**Saved data entries**

lemma mexp_mult_mono: "Q_matrix q \<Longrightarrow> 0 \<le> s \<Longrightarrow> u \<le> v \<Longrightarrow> mexp (s *\<^sub>R q) *v u \<le> mexp (s *\<^sub>R q) *v v"
  by (rule nonneg_matrix_mult_mono, rule mexp_nonneg) (auto simp: Q_matrix_def)

lemma vec_eq_scaleR_one: "vec c = c *\<^sub>R (1::real^'n)"
  by (simp add: vec_eq_iff)

lemma mexp_mult_add_vec:
  "Q_matrix q \<Longrightarrow> mexp (s *\<^sub>R q) *v (u + vec c) = mexp (s *\<^sub>R q) *v u + vec c"
  using mexp_mult_one[OF Q_matrix_mult_one, of q s]
  by (simp add: matrix_vector_right_distrib matrix_vector_mult_scaleR vec_eq_scaleR_one[of c])

lemma mexp_mult_le_vec:
  assumes "Q_matrix q" "0 \<le> s" "w \<le> vec b"
  shows "mexp (s *\<^sub>R q) *v w \<le> vec b"
  using mexp_mult_mono[OF assms] mexp_mult_add_vec[OF assms(1), of s 0 b] by simp

lemma vec_le_mexp_mult:
  assumes "Q_matrix q" "0 \<le> s" "vec a \<le> w"
  shows "vec a \<le> mexp (s *\<^sub>R q) *v w"
  using mexp_mult_mono[OF assms] mexp_mult_add_vec[OF assms(1), of s 0 a] by simp

lemma integrable_mexp_mult: "(\<lambda>s. mexp (s *\<^sub>R q) *v w) integrable_on {a..b}"
  by (rule integrable_continuous_interval[OF continuous_on_mexp])

lemma integrable_mexp_mult_component: "(\<lambda>s. (mexp (s *\<^sub>R q) *v w) $ i) integrable_on {a..b}"
  using integrable_linear[OF integrable_mexp_mult bounded_linear_vec_nth] by (simp add: o_def)

lemma Sq_zero [simp]: "Sq q fq 0 u = u"
  by (simp add: Sq_def)

lemma Sq_mono: "Q_matrix q \<Longrightarrow> 0 \<le> h \<Longrightarrow> u \<le> v \<Longrightarrow> Sq q fq h u \<le> Sq q fq h v"
  unfolding Sq_def by (simp add: mexp_mult_mono add_right_mono)

lemma Sq_add_vec:
  assumes "Q_matrix q"
  shows "Sq q fq h (u + vec c) = Sq q fq h u + vec c"
  using mexp_mult_add_vec[OF assms, of h 0 c]
  unfolding Sq_def by (simp add: mexp_mult_add_vec[OF assms] algebra_simps)

lemma integral_mexp_mult_add:
  assumes "0 \<le> a" "0 \<le> b"
  shows "integral {0..a + b} (\<lambda>s. mexp (s *\<^sub>R q) *v w) =
    integral {0..a} (\<lambda>s. mexp (s *\<^sub>R q) *v w)
      + mexp (a *\<^sub>R q) *v integral {0..b} (\<lambda>s. mexp (s *\<^sub>R q) *v w)"
proof -
  let ?g = "\<lambda>s. mexp (s *\<^sub>R q) *v w"
  have "integral {0..a + b} ?g = integral {0..a} ?g + integral {a..a + b} ?g"
    using Henstock_Kurzweil_Integration.integral_combine[where a=0 and c=a and b="a + b" and f="?g"]
      assms integrable_mexp_mult[of q w 0 "a + b"] by simp
  moreover have "integral {a..a + b} ?g = integral {0..b} (\<lambda>r. mexp (a *\<^sub>R q) *v ?g r)"
    using integral_shift_Icc_real[of 0 b ?g a]
    by (simp add: o_def add.commute[of b a] mexp_add_scaleR matrix_vector_mul_assoc)
  moreover have "integral {0..b} (\<lambda>r. mexp (a *\<^sub>R q) *v ?g r) =
      mexp (a *\<^sub>R q) *v integral {0..b} ?g"
    using integral_linear[OF integrable_mexp_mult matrix_vector_mul_bounded_linear]
    by (simp add: o_def)
  ultimately show ?thesis by simp
qed

lemma Sq_add:
  assumes "0 \<le> a" "0 \<le> b"
  shows "Sq q fq (a + b) u = Sq q fq a (Sq q fq b u)"
  unfolding Sq_def integral_mexp_mult_add[OF assms] mexp_add_scaleR
  by (simp add: matrix_vector_mul_assoc[symmetric] matrix_vector_right_distrib)

lemma Sq_diff_eq_integral:
  assumes "0 \<le> h"
  shows "Sq q fq h u - u = integral {0..h} (\<lambda>s. mexp (s *\<^sub>R q) *v (q *v u + fq))"
proof -
  have "((\<lambda>s. mexp (s *\<^sub>R q) *v (q *v u))
      has_integral mexp (h *\<^sub>R q) *v u - mexp (0 *\<^sub>R q) *v u) {0..h}"
    by (rule fundamental_theorem_of_calculus[OF assms has_vector_derivative_mexp])
  then have "integral {0..h} (\<lambda>s. mexp (s *\<^sub>R q) *v (q *v u)) = mexp (h *\<^sub>R q) *v u - u"
    by (simp add: integral_unique)
  then show ?thesis
    by (simp add: Sq_def matrix_vector_right_distrib
        integral_add[OF integrable_mexp_mult integrable_mexp_mult])
qed

lemma Sq_le_add_vec:
  assumes "Q_matrix q" "0 \<le> h" "q *v u + fq \<le> vec b"
  shows "Sq q fq h u \<le> u + vec (h * b)"
proof -
  have "(Sq q fq h u - u) $ i \<le> h * b" for i
  proof -
    have "(Sq q fq h u - u) $ i = integral {0..h} (\<lambda>s. (mexp (s *\<^sub>R q) *v (q *v u + fq)) $ i)"
      by (simp add: Sq_diff_eq_integral[OF assms(2)] integrable_mexp_mult)
    also have "\<dots> \<le> integral {0..h} (\<lambda>s. b)"
      using mexp_mult_le_vec[OF assms(1) _ assms(3)]
      by (intro integral_le) (auto simp: less_eq_vec_def integrable_mexp_mult_component)
    finally show ?thesis using assms(2) by simp
  qed
  then show ?thesis by (simp add: less_eq_vec_def algebra_simps)
qed

lemma Sq_ge_diff_vec:
  assumes "Q_matrix q" "0 \<le> h" "vec a \<le> q *v u + fq"
  shows "u + vec (h * a) \<le> Sq q fq h u"
proof -
  have "h * a \<le> (Sq q fq h u - u) $ i" for i
  proof -
    have "h * a = integral {0..h} (\<lambda>s. a)" using assms(2) by simp
    also have "\<dots> \<le> integral {0..h} (\<lambda>s. (mexp (s *\<^sub>R q) *v (q *v u + fq)) $ i)"
      using vec_le_mexp_mult[OF assms(1) _ assms(3)]
      by (intro integral_le) (auto simp: less_eq_vec_def integrable_mexp_mult_component)
    also have "\<dots> = (Sq q fq h u - u) $ i"
      by (simp add: Sq_diff_eq_integral[OF assms(2)] integrable_mexp_mult)
    finally show ?thesis .
  qed
  then show ?thesis by (simp add: less_eq_vec_def algebra_simps)
qed

lemma Sq_le_vec:
  assumes "Q_matrix q" "fq \<le> 0" "0 \<le> h" "u \<le> vec b"
  shows "Sq q fq h u \<le> vec b"
proof -
  have "Sq q fq h u \<le> Sq q fq h (0 + vec b)"
    using Sq_mono[OF assms(1,3)] assms(4) by simp
  also have "\<dots> = Sq q fq h 0 + vec b"
    by (rule Sq_add_vec[OF assms(1)])
  also have "Sq q fq h 0 \<le> 0 + vec (h * 0)"
    using assms(2) by (intro Sq_le_add_vec[OF assms(1,3)]) simp
  finally show ?thesis by simp
qed

section \<open>Partitions and componentwise suprema\<close>

lemma vsup_component: "vsup S $ i = (SUP x\<in>S. x $ i)"
  by (simp add: vsup_def)

lemma vsup_approximated:
  fixes S :: "(real^'n) set" and a :: "nat \<Rightarrow> real^'n"
  assumes bounded: "\<And>x. x \<in> S \<Longrightarrow> x \<le> vec b"
    and mem: "\<And>n. 1 \<le> n \<Longrightarrow> a n \<in> S"
    and approx: "\<And>x. x \<in> S \<Longrightarrow> \<exists>C. \<forall>n\<ge>1. x \<le> a n + vec (C / real n)"
  shows "a \<longlonglongrightarrow> vsup S" and "vsup S = vsup (a ` {1..})"
proof -
  have bdd: "bdd_above ((\<lambda>x. x $ i) ` S)" for i
    using bounded by (auto simp: bdd_above_def less_eq_vec_def)
  have a_le: "a n $ i \<le> vsup S $ i" if "1 \<le> n" for n i
    unfolding vsup_component by (rule cSUP_upper[OF mem[OF that] bdd])
  have ev_pos: "\<forall>\<^sub>F n in sequentially. 1 \<le> n"
    by (rule eventually_ge_at_top)
  show lim: "a \<longlonglongrightarrow> vsup S"
  proof (rule vec_tendstoI, rule order_tendstoI)
    fix i y
    assume "vsup S $ i < y"
    then show "\<forall>\<^sub>F n in sequentially. a n $ i < y"
      by (intro eventually_mono[OF ev_pos]) (meson a_le order.strict_trans1)
  next
    fix i y
    assume "y < vsup S $ i"
    moreover have "S \<noteq> {}" using mem[of 1] by auto
    ultimately obtain x where x: "x \<in> S" "y < x $ i"
      unfolding vsup_component by (auto simp: less_cSUP_iff[OF _ bdd])
    then obtain C where C: "\<forall>n\<ge>1. x \<le> a n + vec (C / real n)" using approx by blast
    have "(\<lambda>n. x $ i - C / real n) \<longlonglongrightarrow> x $ i - 0"
      by (intro tendsto_diff tendsto_const lim_const_over_n)
    then have "\<forall>\<^sub>F n in sequentially. y < x $ i - C / real n"
      using x(2) by (simp add: order_tendstoD(1))
    then show "\<forall>\<^sub>F n in sequentially. y < a n $ i"
      using ev_pos
    proof eventually_elim
      case (elim n)
      then have "x $ i \<le> a n $ i + C / real n" using C by (auto simp: less_eq_vec_def)
      with elim show ?case by linarith
    qed
  qed
  have "vsup S $ i = vsup (a ` {1..}) $ i" for i
  proof (rule antisym)
    have "bdd_above ((\<lambda>n. a n $ i) ` {1..})"
      using a_le by (auto simp: bdd_above_def)
    then have "\<forall>n\<ge>1. a n $ i \<le> vsup (a ` {1..}) $ i"
      by (auto simp: vsup_component image_image intro: cSUP_upper)
    then show "vsup S $ i \<le> vsup (a ` {1..}) $ i"
      using LIMSEQ_le_const2[OF tendsto_vec_nth[OF lim]] by blast
    show "vsup (a ` {1..}) $ i \<le> vsup S $ i"
      using a_le by (auto simp: vsup_component image_image intro: cSUP_least)
  qed
  then show "vsup S = vsup (a ` {1..})" by (simp add: vec_eq_iff)
qed

definition partition_steps :: "real set \<Rightarrow> real list" where
  "partition_steps \<pi> = (let ts = sorted_list_of_set \<pi> in map2 (\<lambda>a b. b - a) ts (tl ts))"

lemma Epi_eq_foldr:
  assumes "Eh P f 0 u = u"
  shows "Epi P f \<pi> u = foldr (Eh P f) (partition_steps \<pi>) u"
  using assms by (simp add: Epi_def partition_steps_def Let_def)

lemma sum_list_diffs:
  "xs \<noteq> [] \<Longrightarrow> sum_list (map2 (\<lambda>a b. b - a) xs (tl xs)) = last xs - hd (xs::real list)"
  by (induction xs rule: induct_list012) auto

lemma diffs_nonneg: "sorted xs \<Longrightarrow> \<forall>h\<in>set (map2 (\<lambda>a b. b - a) xs (tl xs)). 0 \<le> (h::real)"
  by (induction xs rule: induct_list012) auto

lemma sorted_hd_le_last: "sorted xs \<Longrightarrow> x \<in> set xs \<Longrightarrow> hd xs \<le> x \<and> x \<le> last (xs::real list)"
  by (induction xs rule: induct_list012) auto

lemma partition_steps_nonneg_sum:
  assumes "\<pi> \<in> partitions_upto t"
  shows "\<forall>h\<in>set (partition_steps \<pi>). 0 \<le> h" and "sum_list (partition_steps \<pi>) = t"
proof -
  have fin: "finite \<pi>" and nonneg: "\<pi> \<subseteq> {0..}" and "0 \<in> \<pi>" and max: "Max \<pi> = t"
    using assms by (auto simp: partitions_upto_def)
  define ts where "ts = sorted_list_of_set \<pi>"
  have ts: "set ts = \<pi>" "sorted ts" "ts \<noteq> []"
    using fin \<open>0 \<in> \<pi>\<close> unfolding ts_def by auto
  have "hd ts \<in> \<pi>" "last ts \<in> \<pi>" "t \<in> \<pi>"
    using ts max fin \<open>0 \<in> \<pi>\<close> by auto
  then have "hd ts = 0" "last ts = t"
    using sorted_hd_le_last[OF ts(2)] ts(1) \<open>0 \<in> \<pi>\<close> nonneg Max_ge[OF fin] max
    by (force, fastforce)
  then show "sum_list (partition_steps \<pi>) = t"
    using sum_list_diffs[OF ts(3)] by (simp add: partition_steps_def ts_def[symmetric])
  show "\<forall>h\<in>set (partition_steps \<pi>). 0 \<le> h"
    using diffs_nonneg[OF ts(2)] by (simp add: partition_steps_def ts_def[symmetric])
qed

lemma partitions_upto_zero: "partitions_upto 0 = {{0}}"
proof -
  have "\<pi> = {0}" if "\<pi> \<in> partitions_upto 0" for \<pi>
    using that Max_ge[of \<pi>] by (fastforce simp: partitions_upto_def)
  moreover have "{0} \<in> partitions_upto 0" by (simp add: partitions_upto_def)
  ultimately show ?thesis by blast
qed

lemma partition_steps_singleton [simp]: "partition_steps {x} = []"
  by (simp add: partition_steps_def)

lemma sum_list_floor_bounds:
  assumes "0 < \<delta>"
  shows "\<forall>h\<in>set hs. 0 \<le> h \<Longrightarrow> real (\<Sum>h\<leftarrow>hs. nat \<lfloor>h / \<delta>\<rfloor>) * \<delta> \<le> sum_list hs
    \<and> sum_list hs \<le> (real (\<Sum>h\<leftarrow>hs. nat \<lfloor>h / \<delta>\<rfloor>) + real (length hs)) * \<delta>"
proof (induction hs)
  case (Cons h hs)
  then have "0 \<le> h" by simp
  moreover have "real_of_int \<lfloor>h / \<delta>\<rfloor> * \<delta> \<le> h" "h \<le> (real_of_int \<lfloor>h / \<delta>\<rfloor> + 1) * \<delta>"
    using floor_divide_lower[OF assms, of h] floor_divide_upper[OF assms, of h] by auto
  ultimately show ?case
    using Cons assms by (auto simp: algebra_simps)
qed simp

definition uniform_partition :: "nat \<Rightarrow> real \<Rightarrow> real set" where
  "uniform_partition n t = (\<lambda>j. real j * t / real n) ` {0..n}"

**WHAT NEEDS TO BE DONE**
Of all the entries above, repeat only the lines from the line that has "a) \<le> Sq" to the line that has "by (rule eventually_ge_at_top)", both lines included, exactly.

**RESPONSE TO THE TASK**
  shows "u + vec (h * a) \<le> Sq q fq h u"
proof -
  have "h * a \<le> (Sq q fq h u - u) $ i" for i
  proof -
    have "h * a = integral {0..h} (\<lambda>s. a)" using assms(2) by simp
    also have "\<dots> \<le> integral {0..h} (\<lambda>s. (mexp (s *\<^sub>R q) *v (q *v u + fq)) $ i)"
      using vec_le_mexp_mult[OF assms(1) _ assms(3)]
      by (intro integral_le) (auto simp: less_eq_vec_def integrable_mexp_mult_component)
    also have "\<dots> = (Sq q fq h u - u) $ i"
      by (simp add: Sq_diff_eq_integral[OF assms(2)] integrable_mexp_mult)
    finally show ?thesis .
  qed
  then show ?thesis by (simp add: less_eq_vec_def algebra_simps)
qed

lemma Sq_le_vec:
  assumes "Q_matrix q" "fq \<le> 0" "0 \<le> h" "u \<le> vec b"
  shows "Sq q fq h u \<le> vec b"
proof -
  have "Sq q fq h u \<le> Sq q fq h (0 + vec b)"
    using Sq_mono[OF assms(1,3)] assms(4) by simp
  also have "\<dots> = Sq q fq h 0 + vec b"
    by (rule Sq_add_vec[OF assms(1)])
  also have "Sq q fq h 0 \<le> 0 + vec (h * 0)"
    using assms(2) by (intro Sq_le_add_vec[OF assms(1,3)]) simp
  finally show ?thesis by simp
qed

section \<open>Partitions and componentwise suprema\<close>

lemma vsup_component: "vsup S $ i = (SUP x\<in>S. x $ i)"
  by (simp add: vsup_def)

lemma vsup_approximated:
  fixes S :: "(real^'n) set" and a :: "nat \<Rightarrow> real^'n"
  assumes bounded: "\<And>x. x \<in> S \<Longrightarrow> x \<le> vec b"
    and mem: "\<And>n. 1 \<le> n \<Longrightarrow> a n \<in> S"
    and approx: "\<And>x. x \<in> S \<Longrightarrow> \<exists>C. \<forall>n\<ge>1. x \<le> a n + vec (C / real n)"
  shows "a \<longlonglongrightarrow> vsup S" and "vsup S = vsup (a ` {1..})"
proof -
  have bdd: "bdd_above ((\<lambda>x. x $ i) ` S)" for i
    using bounded by (auto simp: bdd_above_def less_eq_vec_def)
  have a_le: "a n $ i \<le> vsup S $ i" if "1 \<le> n" for n i
    unfolding vsup_component by (rule cSUP_upper[OF mem[OF that] bdd])
  have ev_pos: "\<forall>\<^sub>F n in sequentially. 1 \<le> n"
    by (rule eventually_ge_at_top)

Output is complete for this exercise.